[Saved data entries]
-=-=-=-=-

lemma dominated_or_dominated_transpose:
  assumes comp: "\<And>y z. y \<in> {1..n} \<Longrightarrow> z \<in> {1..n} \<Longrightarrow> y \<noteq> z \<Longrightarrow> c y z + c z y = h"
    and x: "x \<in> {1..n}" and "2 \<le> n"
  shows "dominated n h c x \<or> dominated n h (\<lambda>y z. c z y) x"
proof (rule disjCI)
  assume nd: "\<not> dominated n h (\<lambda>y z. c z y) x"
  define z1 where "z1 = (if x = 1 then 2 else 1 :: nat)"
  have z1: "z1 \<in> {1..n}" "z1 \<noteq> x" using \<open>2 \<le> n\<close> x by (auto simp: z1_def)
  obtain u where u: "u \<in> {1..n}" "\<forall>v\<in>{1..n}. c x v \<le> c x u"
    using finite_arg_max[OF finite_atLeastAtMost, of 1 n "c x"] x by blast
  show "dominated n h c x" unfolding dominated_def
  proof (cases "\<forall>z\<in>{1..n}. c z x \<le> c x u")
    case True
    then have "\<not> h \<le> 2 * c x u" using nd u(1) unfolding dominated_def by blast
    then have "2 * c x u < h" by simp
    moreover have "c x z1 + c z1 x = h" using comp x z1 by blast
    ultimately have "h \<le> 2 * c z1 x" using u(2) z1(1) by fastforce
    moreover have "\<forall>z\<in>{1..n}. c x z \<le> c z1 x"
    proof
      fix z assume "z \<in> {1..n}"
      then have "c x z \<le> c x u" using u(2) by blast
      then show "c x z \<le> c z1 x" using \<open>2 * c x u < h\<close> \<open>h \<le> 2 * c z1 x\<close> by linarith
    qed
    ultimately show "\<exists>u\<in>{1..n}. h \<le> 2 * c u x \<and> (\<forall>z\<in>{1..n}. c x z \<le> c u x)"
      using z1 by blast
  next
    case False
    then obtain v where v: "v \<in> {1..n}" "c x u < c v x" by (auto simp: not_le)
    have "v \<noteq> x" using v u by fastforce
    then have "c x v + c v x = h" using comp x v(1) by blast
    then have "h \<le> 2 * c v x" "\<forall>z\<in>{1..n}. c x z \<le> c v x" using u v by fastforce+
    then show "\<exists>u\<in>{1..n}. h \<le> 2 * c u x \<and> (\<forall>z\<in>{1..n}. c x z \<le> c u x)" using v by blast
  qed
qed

-=-=-=-=-

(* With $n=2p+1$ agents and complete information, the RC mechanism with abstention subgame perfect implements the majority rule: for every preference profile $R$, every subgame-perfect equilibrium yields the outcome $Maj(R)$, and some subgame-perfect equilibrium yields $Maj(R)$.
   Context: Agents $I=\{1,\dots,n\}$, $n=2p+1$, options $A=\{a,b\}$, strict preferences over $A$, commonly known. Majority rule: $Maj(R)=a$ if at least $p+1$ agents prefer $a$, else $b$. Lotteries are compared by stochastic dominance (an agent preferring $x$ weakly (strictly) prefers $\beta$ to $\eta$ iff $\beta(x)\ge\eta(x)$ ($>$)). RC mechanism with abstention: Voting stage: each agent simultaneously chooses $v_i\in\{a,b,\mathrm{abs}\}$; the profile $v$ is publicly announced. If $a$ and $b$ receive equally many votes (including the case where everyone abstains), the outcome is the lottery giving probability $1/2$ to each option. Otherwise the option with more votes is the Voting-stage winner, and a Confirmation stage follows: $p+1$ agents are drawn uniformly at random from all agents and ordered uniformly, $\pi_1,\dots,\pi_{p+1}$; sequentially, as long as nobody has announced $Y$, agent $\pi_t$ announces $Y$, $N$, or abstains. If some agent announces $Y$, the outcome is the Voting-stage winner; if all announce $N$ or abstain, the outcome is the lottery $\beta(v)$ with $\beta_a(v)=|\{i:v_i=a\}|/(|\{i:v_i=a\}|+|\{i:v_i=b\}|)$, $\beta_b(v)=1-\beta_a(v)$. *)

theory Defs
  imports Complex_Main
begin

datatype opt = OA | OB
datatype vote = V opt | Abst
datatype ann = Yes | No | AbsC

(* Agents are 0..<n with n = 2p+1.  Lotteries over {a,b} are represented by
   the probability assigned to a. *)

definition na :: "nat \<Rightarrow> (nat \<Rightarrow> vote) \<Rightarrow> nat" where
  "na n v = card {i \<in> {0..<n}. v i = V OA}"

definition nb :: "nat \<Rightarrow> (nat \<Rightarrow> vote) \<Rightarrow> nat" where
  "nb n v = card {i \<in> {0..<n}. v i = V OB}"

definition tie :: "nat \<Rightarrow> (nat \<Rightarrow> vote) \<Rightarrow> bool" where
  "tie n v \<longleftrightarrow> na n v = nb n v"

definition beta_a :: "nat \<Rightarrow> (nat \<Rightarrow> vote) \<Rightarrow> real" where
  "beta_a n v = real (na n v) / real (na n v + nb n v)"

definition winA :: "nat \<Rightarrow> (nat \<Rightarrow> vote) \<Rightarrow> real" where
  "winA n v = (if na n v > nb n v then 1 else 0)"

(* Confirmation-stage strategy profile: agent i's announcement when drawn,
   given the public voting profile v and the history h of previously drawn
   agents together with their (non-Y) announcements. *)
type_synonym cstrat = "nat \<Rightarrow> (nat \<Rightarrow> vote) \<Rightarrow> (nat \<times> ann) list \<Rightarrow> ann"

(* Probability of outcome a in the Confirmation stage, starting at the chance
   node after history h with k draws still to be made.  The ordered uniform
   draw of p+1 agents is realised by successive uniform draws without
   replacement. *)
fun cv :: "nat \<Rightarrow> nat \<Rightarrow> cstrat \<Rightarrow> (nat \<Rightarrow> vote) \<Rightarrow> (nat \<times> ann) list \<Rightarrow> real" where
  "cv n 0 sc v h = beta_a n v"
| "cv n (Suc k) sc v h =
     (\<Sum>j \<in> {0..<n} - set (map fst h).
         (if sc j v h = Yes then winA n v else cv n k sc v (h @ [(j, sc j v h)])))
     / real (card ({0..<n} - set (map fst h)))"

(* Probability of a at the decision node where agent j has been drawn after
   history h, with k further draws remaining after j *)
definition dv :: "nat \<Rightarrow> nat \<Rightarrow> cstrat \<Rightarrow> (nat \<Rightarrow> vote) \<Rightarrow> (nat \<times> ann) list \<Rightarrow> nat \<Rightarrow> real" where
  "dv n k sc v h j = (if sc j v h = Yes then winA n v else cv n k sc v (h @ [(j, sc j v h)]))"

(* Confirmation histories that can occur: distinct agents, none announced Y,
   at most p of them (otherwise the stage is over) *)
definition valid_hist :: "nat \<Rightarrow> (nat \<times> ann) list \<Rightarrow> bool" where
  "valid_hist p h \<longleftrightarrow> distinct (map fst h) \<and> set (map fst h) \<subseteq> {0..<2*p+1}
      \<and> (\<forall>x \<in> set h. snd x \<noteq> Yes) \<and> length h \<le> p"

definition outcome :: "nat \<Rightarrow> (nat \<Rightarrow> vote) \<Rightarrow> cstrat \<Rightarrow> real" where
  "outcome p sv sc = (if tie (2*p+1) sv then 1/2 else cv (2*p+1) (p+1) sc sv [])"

-=-=-=-=-

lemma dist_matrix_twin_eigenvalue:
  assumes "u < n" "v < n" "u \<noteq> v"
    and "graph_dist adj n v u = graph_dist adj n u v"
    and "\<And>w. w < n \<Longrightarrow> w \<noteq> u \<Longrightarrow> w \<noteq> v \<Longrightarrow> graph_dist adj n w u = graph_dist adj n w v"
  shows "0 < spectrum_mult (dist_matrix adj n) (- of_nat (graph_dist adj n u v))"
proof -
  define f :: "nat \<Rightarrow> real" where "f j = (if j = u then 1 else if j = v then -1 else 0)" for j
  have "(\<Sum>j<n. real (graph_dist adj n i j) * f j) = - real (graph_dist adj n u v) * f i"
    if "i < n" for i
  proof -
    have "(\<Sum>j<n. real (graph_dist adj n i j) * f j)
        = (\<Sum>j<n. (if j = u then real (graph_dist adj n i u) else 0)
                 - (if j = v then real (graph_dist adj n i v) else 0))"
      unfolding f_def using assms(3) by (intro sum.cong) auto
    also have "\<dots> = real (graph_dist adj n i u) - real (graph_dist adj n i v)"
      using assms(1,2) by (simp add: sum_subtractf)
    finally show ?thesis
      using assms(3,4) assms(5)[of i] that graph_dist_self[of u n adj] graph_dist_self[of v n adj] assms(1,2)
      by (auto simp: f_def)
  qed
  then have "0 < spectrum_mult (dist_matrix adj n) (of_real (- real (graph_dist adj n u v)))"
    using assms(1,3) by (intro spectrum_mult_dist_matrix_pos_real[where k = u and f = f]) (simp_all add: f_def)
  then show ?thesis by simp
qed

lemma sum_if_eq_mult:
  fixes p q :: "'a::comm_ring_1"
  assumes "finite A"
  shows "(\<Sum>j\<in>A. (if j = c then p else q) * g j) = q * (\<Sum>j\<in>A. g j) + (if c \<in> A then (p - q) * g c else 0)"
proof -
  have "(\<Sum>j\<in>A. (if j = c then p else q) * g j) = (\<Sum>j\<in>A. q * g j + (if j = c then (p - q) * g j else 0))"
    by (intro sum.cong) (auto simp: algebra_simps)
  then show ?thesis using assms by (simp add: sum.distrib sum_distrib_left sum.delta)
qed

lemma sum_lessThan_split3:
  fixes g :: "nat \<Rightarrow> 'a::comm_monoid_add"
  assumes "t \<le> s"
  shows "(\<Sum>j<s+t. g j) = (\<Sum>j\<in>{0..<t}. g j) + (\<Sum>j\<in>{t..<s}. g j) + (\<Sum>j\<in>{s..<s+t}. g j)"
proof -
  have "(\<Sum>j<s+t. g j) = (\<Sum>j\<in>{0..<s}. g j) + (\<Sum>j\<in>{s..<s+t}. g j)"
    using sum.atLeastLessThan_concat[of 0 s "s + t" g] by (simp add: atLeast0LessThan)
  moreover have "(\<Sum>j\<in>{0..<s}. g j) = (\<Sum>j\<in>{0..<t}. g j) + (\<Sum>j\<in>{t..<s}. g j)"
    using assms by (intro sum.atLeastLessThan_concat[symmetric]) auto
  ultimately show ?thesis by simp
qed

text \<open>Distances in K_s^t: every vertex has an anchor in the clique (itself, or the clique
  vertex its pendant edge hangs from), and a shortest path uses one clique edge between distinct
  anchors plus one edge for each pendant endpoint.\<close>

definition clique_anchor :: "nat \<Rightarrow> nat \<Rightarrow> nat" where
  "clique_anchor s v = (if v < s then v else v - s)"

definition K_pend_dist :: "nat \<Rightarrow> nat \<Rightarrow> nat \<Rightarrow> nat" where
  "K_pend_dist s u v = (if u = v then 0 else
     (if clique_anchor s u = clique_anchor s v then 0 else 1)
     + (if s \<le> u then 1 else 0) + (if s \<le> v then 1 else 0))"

-=-=-=-=-

Work instruction
Looking back over the data above, restate word for word the lines that begin at the line with "then obtain v" and end at the line with "using v by blast", inclusive.

Output for this task
    then obtain v where v: "v \<in> {1..n}" "c x u < c v x" by (auto simp: not_le)
    have "v \<noteq> x" using v u by fastforce
    then have "c x v + c v x = h" using comp x v(1) by blast
    then have "h \<le> 2 * c v x" "\<forall>z\<in>{1..n}. c x z \<le> c v x" using u v by fastforce+
    then show "\<exists>u\<in>{1..n}. h \<le> 2 * c u x \<and> (\<forall>z\<in>{1..n}. c x z \<le> c u x)" using v by blast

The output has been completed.